Rabies is NOT transmitted through the blood, urine, or feces of an infected animal, nor is it spread airborne through the open environment. Saliva provides the primary transmission medium when the animal is in the clinical stage of rabies. For the rabies virus to get to the salivary glands, it has to travel first from the site of entry (usually a bite wound) through the animal’s nervous system, then to the brain. This is what causes most rabid animals to exhibit abnormal behaviors, depending on what part of the brain is infected. Finally, the virus travels to the salivary glands during the terminal stage of rabies, prior to death. It is this later stage of rabies when an animal is most infectious because the virus is in the saliva.

Don’t many people die every year of rabies in the U.S.?
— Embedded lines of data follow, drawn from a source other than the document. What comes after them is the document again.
section \<open>Isotropic Gaussian vectors\<close>

lemma density_PiM_prod_normal:
  fixes I :: "'b set"
  assumes fin: "finite I" and \<sigma>: "0 < \<sigma>"
  shows "density (\<Pi>\<^sub>M b\<in>I. lborel) (\<lambda>g. \<Prod>b\<in>I. ennreal (normal_density 0 \<sigma> (g b)))
     = (\<Pi>\<^sub>M b\<in>I. density lborel (\<lambda>x. ennreal (normal_density 0 \<sigma> x)))"
proof -
  let ?N = "\<lambda>b::'b. density lborel (\<lambda>x. ennreal (normal_density 0 \<sigma> x))"
  interpret N: product_sigma_finite ?N
    unfolding product_sigma_finite_def
    using prob_space_imp_sigma_finite[OF prob_space_normal_density] \<sigma> by blast
  interpret L: product_sigma_finite "\<lambda>_::'b. lborel :: real measure"
    unfolding product_sigma_finite_def by (auto intro: lborel.sigma_finite_measure_axioms)
  show ?thesis
  proof (rule N.PiM_eqI[OF fin])
    show "sets (density (\<Pi>\<^sub>M b\<in>I. lborel) (\<lambda>g. \<Prod>b\<in>I. ennreal (normal_density 0 \<sigma> (g b))))
        = sets (\<Pi>\<^sub>M b\<in>I. ?N b)"
      unfolding sets_density by (intro sets_PiM_cong) auto
    fix A assume "\<And>i. i \<in> I \<Longrightarrow> A i \<in> sets (?N i)"
    then have A: "\<And>i. i \<in> I \<Longrightarrow> A i \<in> sets borel" by simp
    have ind: "indicator (Pi\<^sub>E I A) g = (\<Prod>b\<in>I. indicator (A b) (g b) :: ennreal)"
      if "g \<in> space (\<Pi>\<^sub>M b\<in>I. (lborel :: real measure))" for g
    proof (cases "g \<in> Pi\<^sub>E I A")
      case False
      with that obtain b where "b \<in> I" "g b \<notin> A b" by (auto simp: space_PiM PiE_def Pi_def)
      then show ?thesis using False fin by (auto simp: indicator_def intro!: prod_zero)
    qed (use fin in \<open>auto simp: indicator_def PiE_def Pi_def intro!: prod.neutral\<close>)
    have "emeasure (density (\<Pi>\<^sub>M b\<in>I. lborel) (\<lambda>g. \<Prod>b\<in>I. ennreal (normal_density 0 \<sigma> (g b)))) (Pi\<^sub>E I A)
       = (\<integral>\<^sup>+g. (\<Prod>b\<in>I. ennreal (normal_density 0 \<sigma> (g b))) * indicator (Pi\<^sub>E I A) g \<partial>(\<Pi>\<^sub>M b\<in>I. lborel))"
      using A by (intro emeasure_density) (measurable, auto intro!: sets_PiM_I_finite fin)
    also have "\<dots> = (\<integral>\<^sup>+g. (\<Prod>b\<in>I. ennreal (normal_density 0 \<sigma> (g b)) * indicator (A b) (g b))
        \<partial>(\<Pi>\<^sub>M b\<in>I. lborel))"
      by (intro nn_integral_cong) (simp add: ind prod.distrib)
    also have "\<dots> = (\<Prod>b\<in>I. (\<integral>\<^sup>+x. ennreal (normal_density 0 \<sigma> x) * indicator (A b) x \<partial>lborel))"
      using A by (intro L.product_nn_integral_prod fin) auto
    also have "\<dots> = (\<Prod>b\<in>I. emeasure (?N b) (A b))"
      using A by (intro prod.cong refl) (simp add: emeasure_density)
    finally show "emeasure (density (\<Pi>\<^sub>M b\<in>I. lborel) (\<lambda>g. \<Prod>b\<in>I. ennreal (normal_density 0 \<sigma> (g b))))
        (Pi\<^sub>E I A) = (\<Prod>b\<in>I. emeasure (?N b) (A b))" .
  qed
qed
lemma proj_mult_incl: "proj \<cdot> mu D \<cdot> (idm (carr D) \<otimes> incl) = mu A \<cdot> (proj \<otimes> IA)"
proof -
  let ?x = "i \<cdot> phi'"
  have 1: "idm (carr D) \<otimes> incl = (phi \<otimes> phi) \<cdot> (phi' \<otimes> (p \<cdot> beta A (carr C) nu))"
    unfolding incl_def using iso(2) by (simp add: tensor_comp)
  have "mu D \<cdot> (idm (carr D) \<otimes> incl)
      = phi \<cdot> p \<cdot> mu_cp A (carr C) psi sigma \<cdot> (i \<otimes> i) \<cdot> (phi' \<otimes> (p \<cdot> beta A (carr C) nu))"
    unfolding 1 using comp_eq_precompose[OF phi_mult[symmetric], of "phi' \<otimes> (p \<cdot> beta A (carr C) nu)"] by simp
  also have "\<dots> = phi \<cdot> p \<cdot> mu_cp A (carr C) psi sigma \<cdot> (?x \<otimes> beta A (carr C) nu)"
    using i_p_beta by (simp add: tensor_comp)
  also have "\<dots> = phi \<cdot> p \<cdot> (IC \<otimes> mu A) \<cdot> (?x \<otimes> IA)"
    using mu_cp_beta_right[of ?x] nabla_i_phi' by simp
  finally have 2: "mu D \<cdot> (idm (carr D) \<otimes> incl) = phi \<cdot> p \<cdot> (IC \<otimes> mu A) \<cdot> (?x \<otimes> IA)" .
  have "proj \<cdot> mu D \<cdot> (idm (carr D) \<otimes> incl)
      = (eps C \<otimes> IA) \<cdot> nabla A (carr C) psi \<cdot> (IC \<otimes> mu A) \<cdot> (?x \<otimes> IA)"
    using 2 comp_eq_precompose[OF proj_phi, of "p \<cdot> (IC \<otimes> mu A) \<cdot> (?x \<otimes> IA)"]
      comp_eq_precompose[OF splitting(5), of "(IC \<otimes> mu A) \<cdot> (?x \<otimes> IA)"]
    by simp
  also have "\<dots> = (eps C \<otimes> IA) \<cdot> (IC \<otimes> mu A) \<cdot> (?x \<otimes> IA)"
    using comp_eq_precompose[OF nabla_right_mult, of "?x \<otimes> IA"] nabla_i_phi' by (simp add: tensor_comp)
  also have "\<dots> = mu A \<cdot> (proj \<otimes> IA)"
    unfolding proj_def using comp_eq_precompose[OF counit_tensor_mult, of "?x \<otimes> IA"] by (simp add: tensor_comp)
  finally show ?thesis .
qed

lemma weak_projection_incl_proj:
  assumes "weak_bialgebra D" and "weak_hopf A lam"
  shows "weak_projection D A lam incl proj"
  unfolding weak_projection_def alg_mor_def coalg_mor_def hom_def
  using assms incl_mult incl_unit incl_comult incl_counit
    proj_comult proj_counit proj_incl proj_mult_incl
  by simp

end


theorem theorem3p12:
  fixes M :: "('o,'m) bcat"
    and D C B :: "('o,'m) stru"
    and lam psi sigma chi tau nu ups :: 'm
  assumes "bc.sbmc M"
    and "bc.weak_bialgebra M D"
    and "bc.coalgebra M C"
    and "bc.weak_hopf M B lam"
    and "bc.weak_crossed_biproduct M D C B psi sigma chi tau nu ups"
    and "Comp M (bc.delta_cp M C (carr B) chi tau) (bc.beta M B (carr C) nu)
         = Comp M (Ten M (bc.beta M B (carr C) nu) (bc.beta M B (carr C) nu)) (dlt B)"
    and "tau = Comp M (Ten M (eps C) (dlt B)) (bc.nabla M B (carr C) psi)"
    and "ups = Comp M (Ten M (eps C) (eps B)) (bc.nabla M B (carr C) psi)"
  shows "\<exists>f g. bc.weak_projection M D B lam f g"
proof -
  interpret bc M .
  have coalgebra_B: "coalgebra B" and algebra_D: "algebra D" and coalgebra_D: "coalgebra D"
    using assms(2,4) unfolding weak_hopf_def weak_bialgebra_def by auto
  obtain X i p phi phi' where
    "X \<in> Obj M" "hom i X (carr C \<odot> carr B)" "hom p (carr C \<odot> carr B) X"
    "p \<cdot> i = idm X" "i \<cdot> p = nabla B (carr C) psi"
    "hom phi' (carr D) X" "phi \<cdot> phi' = idm (carr D)" "phi' \<cdot> phi = idm X"
    "let P = \<lparr>carr = X,
              mu = p \<cdot> mu_cp B (carr C) psi sigma \<cdot> (i \<otimes> i),
              eta = p \<cdot> nu,
              dlt = (p \<otimes> p) \<cdot> delta_cp C (carr B) chi tau \<cdot> i,
              eps = ups \<cdot> i\<rparr>
     in alg_mor P D phi \<and> coalg_mor P D phi"
    using assms(5) unfolding weak_crossed_biproduct_def by blast
  then interpret crossed_biproduct_realization M B C psi sigma nu chi tau ups D X i p phi phi'
    using assms(1,3,5-8) coalgebra_B algebra_D coalgebra_D
    by unfold_locales (auto simp: weak_crossed_biproduct_def)
  show ?thesis
    using weak_projection_incl_proj[OF assms(2,4)] by blast
qed

end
Luckily, no human has ever died from the raccoon strain of rabies according to the Centers for Disease Control and Prevention (CDC). The handful of human deaths from rabies annually (avers: 2.4 a year, nationwide) has been largely due to a domestic bat strain or canine strain from abroad. Between 1981 – 2000, there were a total of 42 human fatalities to rabies of which 62% were bat strain (primarily silver-haired variant) and 31% were canine strain contracted overseas or in Mexico. No human fatalities to rabies were reported nationally in 1999. This low incidence doesn’t mean we can’t contract rabies, it just means we should continue taking sensible precautions to prevent exposures and seek prompt post-exposure prophylaxis when advised to do so by a doctor or local health department.


If you have been bitten or scratched by a potentially rabid animal, wash the would thoroughly with soap, monitor the biting animal’s whereabouts, and contact your local health department for instructions, and your local animal control officer for assistance in capturing the animal for rabies testing.